2022-09-09 19:15:00 | 哲学
知識の木

 アダムとイヴの伝説によれば、人間が最初の統一を去るようになった誘惑は蛇によって人間にやってきたことになっています。

 しかし実際は、「対立」へ足をふみ入れること、すなわち意識の目覚めは人間自身のうちにあるのであって、このことは、あらゆる人のうちで繰り返されている歴史なのです。
  ヘーゲル「小論理学§24
 ランベール画「善悪の樹」
  
 
 生命と知識

 わたしたちは知識を得るために分析・分解します。わたしたちは知覚のうちに、多くの要素からなる具体的なものを持っています。

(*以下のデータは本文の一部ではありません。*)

lemma Suc_power_le_three_mult_power:
  fixes f m :: nat
  assumes "1 \<le> f" "m \<le> f"
  shows "real (f + 1) ^ m \<le> 3 * real f ^ m"
proof -
  have f_pos: "real f > 0" using assms by simp
  have "(1 + 1 / real f) ^ m \<le> exp (1 / real f) ^ m"
    by (rule power_mono) (auto simp: f_pos intro: add_nonneg_nonneg)
  also have "\<dots> = exp (real m / real f)"
    by (simp flip: exp_of_nat_mult)
  also have "\<dots> \<le> exp 1"
    using assms f_pos by simp
  also have "\<dots> \<le> 3"
    by (rule exp_le)
  finally have growth: "(1 + 1 / real f) ^ m \<le> 3" .
  have "real (f + 1) ^ m = real f ^ m * (1 + 1 / real f) ^ m"
    using f_pos by (simp add: field_simps flip: power_mult_distrib)
  also have "\<dots> \<le> real f ^ m * 3"
    using growth by (rule mult_left_mono) simp
  finally show ?thesis by (simp add: mult.commute)
qed

lemma three_halves_le_log2_3: "3 / 2 \<le> log 2 (3::real)"
proof -
  have square: "(2::real) powr (3 / 2) * 2 powr (3 / 2) = 8"
    by (simp flip: powr_add)
  have "(2::real) powr (3 / 2) \<le> 3"
  proof (rule ccontr)
    assume "\<not> ?thesis"
    then have "(2::real) powr (3 / 2) * 2 powr (3 / 2) > 3 * 3"
      by (intro mult_strict_mono) auto
    with square show False by simp
  qed
  then show ?thesis by (subst le_log_iff) auto
qed

lemma le_floor_log_power_of_count_bounds:
  fixes N f n k :: nat
  assumes "2 \<le> f" "n < 2 ^ (f + 1)" and k: "k = 2 \<or> k = 4 \<or> 8 \<le> k"
    and by_levels: "N \<le> (f + 1) ^ (k - 2)" and by_tuples: "N \<le> n * 2 ^ (k - 2)"
    and by_subsets: "N \<le> 2 ^ n"
  shows "N \<le> f ^ k"
proof (cases "k - 2 \<le> f")
  case True
  have "real N \<le> real (f + 1) ^ (k - 2)" using by_levels by (metis of_nat_le_iff of_nat_power)
  also have "\<dots> \<le> 3 * real f ^ (k - 2)" using assms True by (intro Suc_power_le_three_mult_power) auto
  also have "\<dots> \<le> real f ^ 2 * real f ^ (k - 2)"
    using power_mono[of 2 "real f" 2] assms by (intro mult_right_mono) auto
  also have "\<dots> = real f ^ (2 + (k - 2))"
    by (simp only: power_add)
  also have "2 + (k - 2) = k"
    using k by auto
  finally show ?thesis by (metis of_nat_le_iff of_nat_power)
next
  case False
  then have "8 \<le> k" using k assms by auto
  note by_tuples
  also have "n * 2 ^ (k - 2) < 2 ^ (f + 1) * 2 ^ (k - 2)"
    using assms(2) by simp
  also have "\<dots> = 2 ^ (f + 1 + (k - 2))"
    by (simp only: power_add)
  finally have N_less: "N < 2 ^ (f + 1 + (k - 2))" .
  consider "f = 2" | "f = 3" | "4 \<le> f" using assms by linarith
  then show ?thesis
  proof cases
    case 1
    have "(2::nat) ^ n \<le> 2 ^ 7" using assms(2) 1 by (intro power_increasing) auto
    then have "N \<le> 2 ^ 7" using by_subsets by linarith
    also have "(2::nat) ^ 7 \<le> 2 ^ k" using \<open>8 \<le> k\<close> by (intro power_increasing) auto
    finally show ?thesis using 1 by simp
  next
    case 2
    have "N \<le> 2 ^ (k + 2)" using N_less 2 \<open>8 \<le> k\<close> by simp
    also have "\<dots> \<le> 3 ^ k" using \<open>8 \<le> k\<close> by (rule two_pow_add_two_le_three_pow)
    finally show ?thesis using 2 by simp
  next
    case 3
    have "(2::nat) ^ (f + 1 + (k - 2)) \<le> 2 ^ (2 * k)" using False by (intro power_increasing) auto
    then have "N \<le> 2 ^ (2 * k)" using N_less by linarith
    also have "\<dots> = 4 ^ k" by (simp add: power_mult)
    also have "\<dots> \<le> f ^ k" using 3 by (intro power_mono) auto
    finally show ?thesis .
  qed
qed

 知識を得るためわたしたちはそれらの緒要素を、まるで玉ねぎの皮でもはぐように分解するのです。そして分解ということ以外には何もつけ加えないと考えています。

 しかし実際には「知覚」を「思想」に変えているのです。具体的なものを抽象的なものに変えているのです。

 もし具体的なもの、統一的なもののみが「生命あるもの」なら、このような方法は同時に生命あるものを殺していることになるのです。 
        同§38

 多くの人は、認識するということは与えられた具体的な対象を抽象的な要素に分解し、これらを個々別々に観察する以外なにもすることができないと言う。

 しかし、こうした方法が事物を変化させるものであり、あるがままに事物をつかもうとする認識は、そのさい自己矛盾におちいることはすぐわかります。

 たとえば、化学者は一片の肉をレトルトに入れて、それをさまざまな方法で処理し、それが窒素、炭素、水素などから成っていることがわかったと言います。

 しかし、これら抽象的な素材はもはや決して肉ではないのです。経験的心理学者がある行為を観察し、そこにおいて示されるさまざまな側面を分解して、これらをあくまで分離する場合も同じです。分析の対象は、いわば、人がその皮を一枚一枚はいでいくタマネギのように取り扱われているのです。
         同 § 227

 たとえば、生きた肉体の肢体や器官は、単に部分とのみみるべきものではありません。なぜならそれらは、それらの統一のうちにおいてのみ、肢体や器官であって、決して統一に無関係なものではないからです。それらは、解剖学者の手にかかるとき、はじめて単なる諸部分となるのであり、解剖学者が取り扱うのは、もはや生きた肉体ではなくて、死体にすぎないのです。  同§136

 肉体の個々の分肢はその統一によってのみ、また統一との関係においてのみ、それらがあるところのものであります。たとえば、身体から切り離された手は、すでにアリストテレスも言っているように、名の上でのみ手であるにすぎず、事実においてはそうでありません。  同§216

ランベール画「善悪の樹」


 知識の木の実

 わたしたちが知識の木の実を食べるとき、すなわち反省により意識が知識へと変わるとき、現実であったものが観念的となり、具体的であったものが抽象的になり「一」であったものが「多」となります。

 ここにおいて一方に神あれば一方に世界あり、一方に我あれば一方に物あり、すべての物は互いに相対し、すべての物は対立するようになるのです。

西田幾多郎「善の研究」四篇四章より

西田 幾多郎(にしだ きたろう、1870 - 1945は、日本の哲学者。著書に『善の研究』などがある。